Extracted data:

lemma card_quintic_minus_auts_char5:
  fixes z :: "'k::field"
  assumes char: "CHAR('k) = 5" and z: "z^4 = -1"
  shows "card (quintic_minus_auts_char5 z) = 240"
proof -
  define sc :: "nat \<times> nat \<times> nat \<Rightarrow> bool \<Rightarrow> 'k"
    where "sc n neg = (if neg then -1 else 1) * sqrt_F5 z (F5_det n)" for n neg
  have sc: "sc n neg \<noteq> 0" if "n \<in> PGL2_F5_index" for n neg
  proof -
    have "0 < F5_det n" "F5_det n < 5" using that F5_det_less_5 by (auto simp: PGL2_F5_index_def)
    then have "(sc n neg)^2 = of_nat (F5_det n)"
      using sqrt_F5_squared[OF char z] by (simp add: sc_def power_mult_distrib)
    then show "sc n neg \<noteq> 0"
      using CHAR_5_of_nat_neq_0[OF char \<open>0 < F5_det n\<close> \<open>F5_det n < 5\<close>] by auto
  qed
  have "(2::'k) \<noteq> 0" using CHAR_5_of_nat_neq_0[OF char, of 2] by simp
  define param where "param = (\<lambda>(n, neg). mat2_smult (sc n neg) (F5_mat n))"
  have "inj_on param (PGL2_F5_index \<times> UNIV)"
  proof (rule inj_onI)
    fix x y
    assume "x \<in> PGL2_F5_index \<times> UNIV" "y \<in> PGL2_F5_index \<times> UNIV" and eq: "param x = param y"
    then obtain n neg n' neg' where xy: "x = (n, neg)" "y = (n', neg')"
      and n: "n \<in> PGL2_F5_index" "n' \<in> PGL2_F5_index" by auto
    have "n \<in> {..<6} \<times> {..<5} \<times> {..<5}" "n' \<in> {..<6} \<times> {..<5} \<times> {..<5}"
      using n by (simp_all add: PGL2_F5_index_def)
    from smult_F5_mat_unique[OF char this sc[OF n(1)] sc[OF n(2)]] eq xy param_def
    have "sc n neg = sc n' neg'" "n = n'" by simp_all
    then show "x = y"
      using xy sc[OF n(1)] \<open>(2::'k) \<noteq> 0\<close> by (auto simp: sc_def split: if_splits)
  qed
  then have "card (quintic_minus_auts_char5 z) = card (PGL2_F5_index \<times> (UNIV :: bool set))"
    unfolding quintic_minus_auts_char5_def sc_def param_def by (rule card_image)
  also have "\<dots> = 240" by (simp add: card_cartesian_product card_PGL2_F5_index)
  finally show ?thesis .
qed

lemma mat2_map_to_ac_quintic_minus_auts_char5:
  "mat2_map to_ac ` quintic_minus_auts_char5 (z::'k::field) = quintic_minus_auts_char5 (to_ac z)"
  unfolding quintic_minus_auts_char5_def image_image
  by (rule image_cong)
    (auto simp: mat2_map_def mat2_smult_def F5_mat_def sqrt_F5_def P1_F5_fst_def P1_F5_snd_def)

lemma curve_aut_set_plus_char_5:
  fixes z :: "'k::field"
  assumes char: "CHAR('k) = 5" and z: "z^4 = -1"
  shows "mat2_map to_ac ` curve_aut_set f_plus = carrier (Aut_bar (f_plus :: 'k poly))"
    and "card (curve_aut_set (f_plus :: 'k poly)) = 240"
proof -
  have char': "CHAR('k alg_closure) = 5" and z': "to_ac z ^ 4 = -1"
    using char z by (simp, simp flip: to_ac_power)
  have "mat2_map to_ac ` curve_aut_set (f_plus :: 'k poly)
      = twist (1 / to_ac z) ` mat2_map to_ac ` quintic_minus_auts_char5 z"
    unfolding curve_aut_set_plus_eq_twist_minus(1)[OF z] curve_aut_set_minus_eq_char5[OF char z]
      image_image mat2_map_twist by simp
  also have "\<dots> = curve_aut_set f_plus"
    unfolding mat2_map_to_ac_quintic_minus_auts_char5
      curve_aut_set_plus_eq_twist_minus(1)[OF z'] curve_aut_set_minus_eq_char5[OF char' z'] ..
  finally show "mat2_map to_ac ` curve_aut_set f_plus = carrier (Aut_bar (f_plus :: 'k poly))"
    unfolding carrier_Aut_bar_f_plus .
  show "card (curve_aut_set (f_plus :: 'k poly)) = 240"
    using card_image[OF curve_aut_set_plus_eq_twist_minus(2)[OF z]]
      card_quintic_minus_auts_char5[OF char z]
    unfolding curve_aut_set_plus_eq_twist_minus(1)[OF z] curve_aut_set_minus_eq_char5[OF char z]
    by simp
qed

theorem mainTheorem2:
  fixes p q :: nat
  assumes "prime p" and "odd p"
    and "CHAR('a::{field,finite}) = p" and "card (UNIV :: 'a set) = q"
    and "8 dvd (q - 1)"
    and "\<exists>s::'a. s^2 = 2"
  shows "(p \<noteq> 3 \<and> p \<noteq> 5 \<longrightarrow>
            curve_aut_group (f_plus :: 'a poly) \<cong> Aut_bar (f_minus :: 'a poly)
          \<and> mat2_map to_ac ` curve_aut_set (f_plus :: 'a poly) = carrier (Aut_bar (f_plus :: 'a poly))
          \<and> Coset.order (curve_aut_group (f_plus :: 'a poly)) = 48)
       \<and> (p = 5 \<longrightarrow>
            curve_aut_group (f_plus :: 'a poly) \<cong> Aut_bar (f_minus :: 'a poly)
          \<and> mat2_map to_ac ` curve_aut_set (f_plus :: 'a poly) = carrier (Aut_bar (f_plus :: 'a poly))
          \<and> Coset.order (curve_aut_group (f_plus :: 'a poly)) = 240)"
proof -
  obtain z :: 'a where z: "z^4 = -1"
    using finite_field_exists_primitive_8th_root[OF assms(4,5)] by blast
  have order:
    "Coset.order (curve_aut_group (f_plus :: 'a poly)) = card (curve_aut_set (f_plus :: 'a poly))"
    by (simp add: Coset.order_def curve_aut_group_def)
  have of_nat_eq_0: "(of_nat n :: 'a) = 0 \<longleftrightarrow> p dvd n" for n
    using assms(3) by (simp add: of_nat_eq_0_iff_char_dvd)
  have "(2::'a) \<noteq> 0"
    using of_nat_eq_0[of 2] assms(1,2) by (auto dest: primes_dvd_imp_eq[OF _ two_is_prime_nat])
  have "prime (5::nat)" by (simp add: prime_nat_iff' atLeastLessThan_nat_numeral)
  then have "(5::'a) \<noteq> 0" if "p \<noteq> 5"
    using of_nat_eq_0[of 5] that primes_dvd_imp_eq[OF assms(1)] by auto
  with \<open>(2::'a) \<noteq> 0\<close> z show ?thesis
    using curve_aut_set_plus_char_not_2_5 curve_aut_set_plus_char_5[OF _ z] assms(3)
      curve_aut_group_plus_iso_Aut_bar_minus[OF z] order by auto
qed
(* Consider Dynamic A* (with \texttt{reeval} true or false) using a dyn-admissible dynamic heuristic on a solvable transition system with initial state $s_I$. Then at the beginning of each iteration of the while loop, Open contains an entry $\langle\cdot,\hat g,\hat h\rangle$ with $\hat g+\hat h\le h^*(s_I)$.
   Context: A transition system is $\mathcal T=\langle S,L,c,T,s_I,S_G\rangle$ with finite states $S$, finite labels $L$, cost function $c:L\to\mathbb R_{\ge0}$, transitions $T\subseteq S\times L\times S$, initial state $s_I$, goal states $S_G\subseteq S$. Paths, costs, solutions (paths from $s_I$ to a goal state) are as usual; $\mathcal T$ is solvable if it has a solution; $g^*(s)$ is the cost of an optimal path from $s_I$ to $s$ and $h^*(s)$ the minimal cost of a path from $s$ to a goal ($\infty$ if none). An information source $\sigma$ consists of a set $\mathcal I_\sigma$, $\iota_0^\sigma\in\mathcal I_\sigma$, $\mathrm{update}_\sigma:\mathcal I_\sigma\times T\to\mathcal I_\sigma$, $\mathrm{refine}_\sigma:\mathcal I_\sigma\times S\to\mathcal I_\sigma$. Reachable information: $\iota_n$ is reachable if obtained from $\iota_0^\sigma$ by a sequence of refine steps on states and update steps on transitions $e_1,\dots,e_n$, where each refined state and each origin of an updated transition is $s_I$ or the target of an earlier updated transition. A dynamic heuristic over $\sigma$ is $h:S\times\mathcal I_\sigma\to\mathbb R_{\ge0}\cup\{\infty\}$; it is dyn-admissible if $h(s,\iota)\le h^*(s)$ for all $s$ and all reachable $\iota$. Parent source $\sigma_p$: $\mathcal I_{\sigma_p}$ = partial functions $S\rightharpoonup\mathbb R_{\ge0}\times(T\cup\{\bot\})$; $\iota_0=\{s_I\mapsto\langle0,\bot\rangle\}$; refine is the identity; $\mathrm{update}(\iota,\langle s,\ell,s'\rangle)$ with $\iota(s)=\langle g,\cdot\rangle$ changes only $s'$, setting it to $\langle g+c(\ell),\langle s,\ell,s'\rangle\rangle$ if $\iota(s')$ is undefined or has $g$-component $\ge g+c(\ell)$, otherwise unchanged. Dynamic A* takes $\mathcal T$, sources $\sigma_p,\sigma_h$, a dynamic heuristic $h$ over $\sigma_h$ and a Boolean flag \texttt{reeval}. Notation: at any moment $g(s)$ is the $g$-component of the current $\mathcal I(\sigma_p)(s)$ and $h(s)$ denotes $h(s,\mathcal I(\sigma_h))$ for the current $\mathcal I(\sigma_h)$. Open is a priority queue of entries $\langle s,g,h\rangle$ (duplicates allowed), popped by minimal stored value $g+h$ (ties arbitrary). Algorithm: 1. $\mathcal I(\sigma):=\iota_0^\sigma$ for both sources; $S_{\mathrm{known}}:=\{s_I\}$; Closed $:=\emptyset$; Open empty. If $h(s_I)<\infty$ insert $\langle s_I,g(s_I),h(s_I)\rangle$. 2. While Open is nonempty: pop an entry $\langle s,\hat g,\hat h\rangle$ of minimal $\hat g+\hat h$. If $s\in$ Closed, continue with the next iteration. Otherwise set $\mathcal I(\sigma):=\mathrm{refine}_\sigma(\mathcal I(\sigma),s)$ for both sources. If \texttt{reeval} is true and $\hat h<h(s)$: if $h(s)<\infty$ insert $\langle s,g(s),h(s)\rangle$; continue with the next iteration (this is a re-evaluation). Otherwise add $s$ to Closed ($s$ is expanded). If $s\in S_G$, return the path obtained by following the parent pointers of $\mathcal I(\sigma_p)$ from $s$ back to $s_I$. Otherwise, for each $t=\langle s,\ell,s'\rangle\in T$ in some order: let $old:=g(s')$ if $s'\in S_{\mathrm{known}}$ and undefined otherwise; set $\mathcal I(\sigma):=\mathrm{update}_\sigma(\mathcal I(\sigma),t)$ for both sources; add $s'$ to $S_{\mathrm{known}}$; if $h(s')=\infty$ skip $s'$; else if $old$ is undefined insert $\langle s',g(s'),h(s')\rangle$; else if $old>g(s')$, remove $s'$ from Closed if it is there (reopening) and insert $\langle s',g(s'),h(s')\rangle$. 3. Return "unsolvable". *)

theory Defs
  imports Main "HOL-Library.Extended_Nonnegative_Real" "HOL-Library.Multiset"
begin

type_synonym ('s,'l) trans = "'s \<times> 'l \<times> 's"

fun is_path :: "('s,'l) trans set \<Rightarrow> 's \<Rightarrow> ('s,'l) trans list \<Rightarrow> 's \<Rightarrow> bool" where
  "is_path T s [] s' = (s = s')"
| "is_path T s ((a,l,b) # p) s' = ((a,l,b) \<in> T \<and> a = s \<and> is_path T b p s')"

definition path_cost :: "('l \<Rightarrow> real) \<Rightarrow> ('s,'l) trans list \<Rightarrow> real" where
  "path_cost c p = sum_list (map (\<lambda>(_,l,_). c l) p)"

definition hstar :: "('s,'l) trans set \<Rightarrow> ('l \<Rightarrow> real) \<Rightarrow> 's set \<Rightarrow> 's \<Rightarrow> ennreal" where
  "hstar T c SG s = (INF p \<in> {p. \<exists>sg\<in>SG. is_path T s p sg}. ennreal (path_cost c p))"

definition solvable :: "('s,'l) trans set \<Rightarrow> 's \<Rightarrow> 's set \<Rightarrow> bool" where
  "solvable T sI SG = (\<exists>p. \<exists>sg\<in>SG. is_path T sI p sg)"

definition transition_system ::
  "'s set \<Rightarrow> 'l set \<Rightarrow> ('l \<Rightarrow> real) \<Rightarrow> ('s,'l) trans set \<Rightarrow> 's \<Rightarrow> 's set \<Rightarrow> bool" where
  "transition_system S L c T sI SG \<longleftrightarrow>
     finite S \<and> finite L \<and> (\<forall>l\<in>L. c l \<ge> 0) \<and> T \<subseteq> S \<times> L \<times> S \<and> sI \<in> S \<and> SG \<subseteq> S"
lemma prox_step_error_bound:
  assumes "0 < t" and d: "d = prox c (x - t *\<^sub>R gf x) (\<mu> * t) - x"
    and min: "\<And>y. F xs \<le> F y"
  shows "F x - F xs \<le> (2 + 4 / (t * L')) * - Delta x d"
proof -
  have "(- t *\<^sub>R gf x - d) \<bullet> (xs - (x + d))
      = - t * (gf x \<bullet> (xs - x)) + t * (d \<bullet> gf x) - d \<bullet> (xs - x) + (norm d)^2"
    by (simp add: inner_diff_left inner_diff_right power2_norm_eq_inner inner_commute
        algebra_simps)
  then have vi: "- t * (gf x \<bullet> (xs - x)) + t * (d \<bullet> gf x) - d \<bullet> (xs - x) + (norm d)^2
      \<le> \<mu> * t * (c xs - c (x + d))"
    using prox_step_variational_inequality[OF \<open>0 < t\<close> d, of xs] by simp
  have "f x + gf x \<bullet> (xs - x) + L'/2 * (norm (xs - x))^2 \<le> f xs"
    using strongly_monotone_gradient_lower_bound[OF f_grad gf_strongly_monotone, of x "xs - x"]
    by simp
  moreover have "0 \<le> L'/2 * (norm (xs - x))^2"
    using L'_pos by simp
  ultimately have "t * (f x + gf x \<bullet> (xs - x)) \<le> t * f xs"
    using \<open>0 < t\<close> by (intro mult_left_mono) auto
  moreover have "d \<bullet> (xs - x) \<le> norm (x - xs) * norm d"
    using norm_cauchy_schwarz[of d "xs - x"] by (simp add: norm_minus_commute mult.commute)
  ultimately have "t * (F x - F xs) \<le> t * - Delta x d + norm (x - xs) * norm d"
    using vi unfolding F_def Delta_def
    by (simp add: algebra_simps) (use zero_le_power2[of "norm d"] in linarith)
  moreover have "(norm (x - xs))^2 \<le> 4 / L' * (F x - F xs)"
    using quadratic_growth[OF min, of x] L'_pos by (simp add: field_simps)
  moreover have "(norm d)^2 \<le> t * - Delta x d"
    using prox_step_descent[OF \<open>0 < t\<close> d] by simp
  ultimately show ?thesis
    by (rule error_bound_from_cross_term[OF \<open>0 < t\<close> L'_pos])
qed

lemma goldstein_step_decrease:
  assumes \<alpha>: "0 < \<alpha>" "\<alpha> \<le> 1" and "0 < \<theta>" "0 \<le> T" "d \<noteq> 0"
    and descent: "(norm d)^2 \<le> - T * Delta x d"
    and "F x \<le> R"
    and goldstein: "\<theta> \<le> (F (x + \<alpha> *\<^sub>R d) - F x) / (\<alpha> * Delta x d)
        * \<bar>1 - (F (x + \<alpha> *\<^sub>R d) - R) / (\<alpha> * Delta x d)\<bar>"
    and curvature: "- (\<alpha>^2 / 2) * L * (norm d)^2 + \<alpha> * Delta x d \<le> F (x + \<alpha> *\<^sub>R d) - R"
  shows "F (x + \<alpha> *\<^sub>R d) \<le> F x + \<theta>^2 / (1 + L * T / 2)^3 * Delta x d"
proof -
  have "0 < (norm d)^2"
    using \<open>d \<noteq> 0\<close> by simp
  then have "0 < - T * Delta x d"
    using descent by linarith
  then have "Delta x d < 0"
    using \<open>0 \<le> T\<close> mult_nonneg_nonneg[of T "Delta x d"] by linarith
  have "F (x + \<alpha> *\<^sub>R d) - F x \<le> \<theta>^2 / (1 + L * T / 2)^3 * Delta x d"
    by (rule goldstein_sufficient_decrease[OF \<alpha> \<open>0 < \<theta>\<close> \<open>0 \<le> T\<close> L_nonneg \<open>Delta x d < 0\<close>
          zero_le_power2 model_decrease[OF less_imp_le[OF \<alpha>(1)] \<alpha>(2)] descent _
          goldstein curvature])
      (use \<open>F x \<le> R\<close> in simp)
  then show ?thesis by simp
qed
lemma open_segment_not_vertex:
  assumes "cross (Y - X) (Z - X) \<noteq> 0" "0 < a" "0 < b" "a + b = 1"
  shows "a *\<^sub>R X + b *\<^sub>R Z \<notin> {X, Y, Z}"
proof -
  have Q0: "a *\<^sub>R X + b *\<^sub>R Z = a *\<^sub>R X + 0 *\<^sub>R Y + b *\<^sub>R Z" by simp
  have "bary X Y Z (a *\<^sub>R X + b *\<^sub>R Z) = a" "bary Y Z X (a *\<^sub>R X + b *\<^sub>R Z) = 0"
    "bary Z X Y (a *\<^sub>R X + b *\<^sub>R Z) = b"
    using bary_of_combination[OF assms(1) _ Q0] assms(4) by simp_all
  moreover have "bary Z X Y X = 0" "bary Y Z X Y = 1" "bary X Y Z Z = 0"
    using bary_of_combination[OF assms(1), of 1 0 0 X] bary_of_combination[OF assms(1), of 0 1 0 Y]
      bary_of_combination[OF assms(1), of 0 0 1 Z] by simp_all
  ultimately show ?thesis using assms(2,3) by auto
qed

lemma side_dir_AB:
  assumes "0 < a" "0 < b" "a + b = 1"
  shows "side_dir A B C (a *\<^sub>R A + b *\<^sub>R B) = B - A"
proof -
  have "a *\<^sub>R A + b *\<^sub>R B \<in> closed_segment A B"
    unfolding closed_segment_def using assms by (intro CollectI exI[of _ b]) (simp add: eq_diff_eq)
  then show ?thesis unfolding side_dir_def by simp
qed

lemma side_dir_BC:
  assumes D: "cross (B - A) (C - A) \<noteq> 0" and "0 < a" "0 < b" "a + b = 1"
  shows "side_dir A B C (a *\<^sub>R B + b *\<^sub>R C) = C - B"
proof -
  define Q where "Q = a *\<^sub>R B + b *\<^sub>R C"
  have Q0: "Q = 0 *\<^sub>R A + a *\<^sub>R B + b *\<^sub>R C" unfolding Q_def by simp
  have Qb: "bary C A B Q = b" using bary_of_combination(3)[OF D _ Q0] assms(4) by simp
  have "Q \<notin> closed_segment A B"
  proof
    assume "Q \<in> closed_segment A B"
    then obtain u where Qu: "Q = (1 - u) *\<^sub>R A + u *\<^sub>R B + 0 *\<^sub>R C"
      unfolding closed_segment_def by auto
    have "bary C A B Q = 0" using bary_of_combination(3)[OF D _ Qu] by simp
    then show False using Qb assms(3) by simp
  qed
  moreover have "Q \<in> closed_segment B C"
    unfolding closed_segment_def Q_def using assms by (intro CollectI exI[of _ b]) (simp add: eq_diff_eq)
  ultimately show ?thesis unfolding side_dir_def Q_def by simp
qed

lemma side_dir_CA:
  assumes D: "cross (B - A) (C - A) \<noteq> 0" and "0 < a" "0 < b" "a + b = 1"
  shows "side_dir A B C (a *\<^sub>R A + b *\<^sub>R C) = C - A"
proof -
  define Q where "Q = a *\<^sub>R A + b *\<^sub>R C"
  have Q0: "Q = a *\<^sub>R A + 0 *\<^sub>R B + b *\<^sub>R C" unfolding Q_def by simp
  have Qab: "bary A B C Q = a" "bary C A B Q = b"
    using bary_of_combination(1,3)[OF D _ Q0] assms(4) by simp_all
  have "Q \<notin> closed_segment A B"
  proof
    assume "Q \<in> closed_segment A B"
    then obtain u where Qu: "Q = (1 - u) *\<^sub>R A + u *\<^sub>R B + 0 *\<^sub>R C"
      unfolding closed_segment_def by auto
    have "bary C A B Q = 0" using bary_of_combination(3)[OF D _ Qu] by simp
    then show False using Qab assms(3) by simp
  qed
  moreover have "Q \<notin> closed_segment B C"
  proof
    assume "Q \<in> closed_segment B C"
    then obtain u where Qu: "Q = 0 *\<^sub>R A + (1 - u) *\<^sub>R B + u *\<^sub>R C"
      unfolding closed_segment_def by auto
    have "bary A B C Q = 0" using bary_of_combination(1)[OF D _ Qu] by simp
    then show False using Qab assms(2) by simp
  qed
  ultimately show ?thesis unfolding side_dir_def Q_def by simp
qed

What is needed: Count every line of the records above in which the string "longleftrightarrow" appears. The number alone is to be given.

Answer to the problem: 2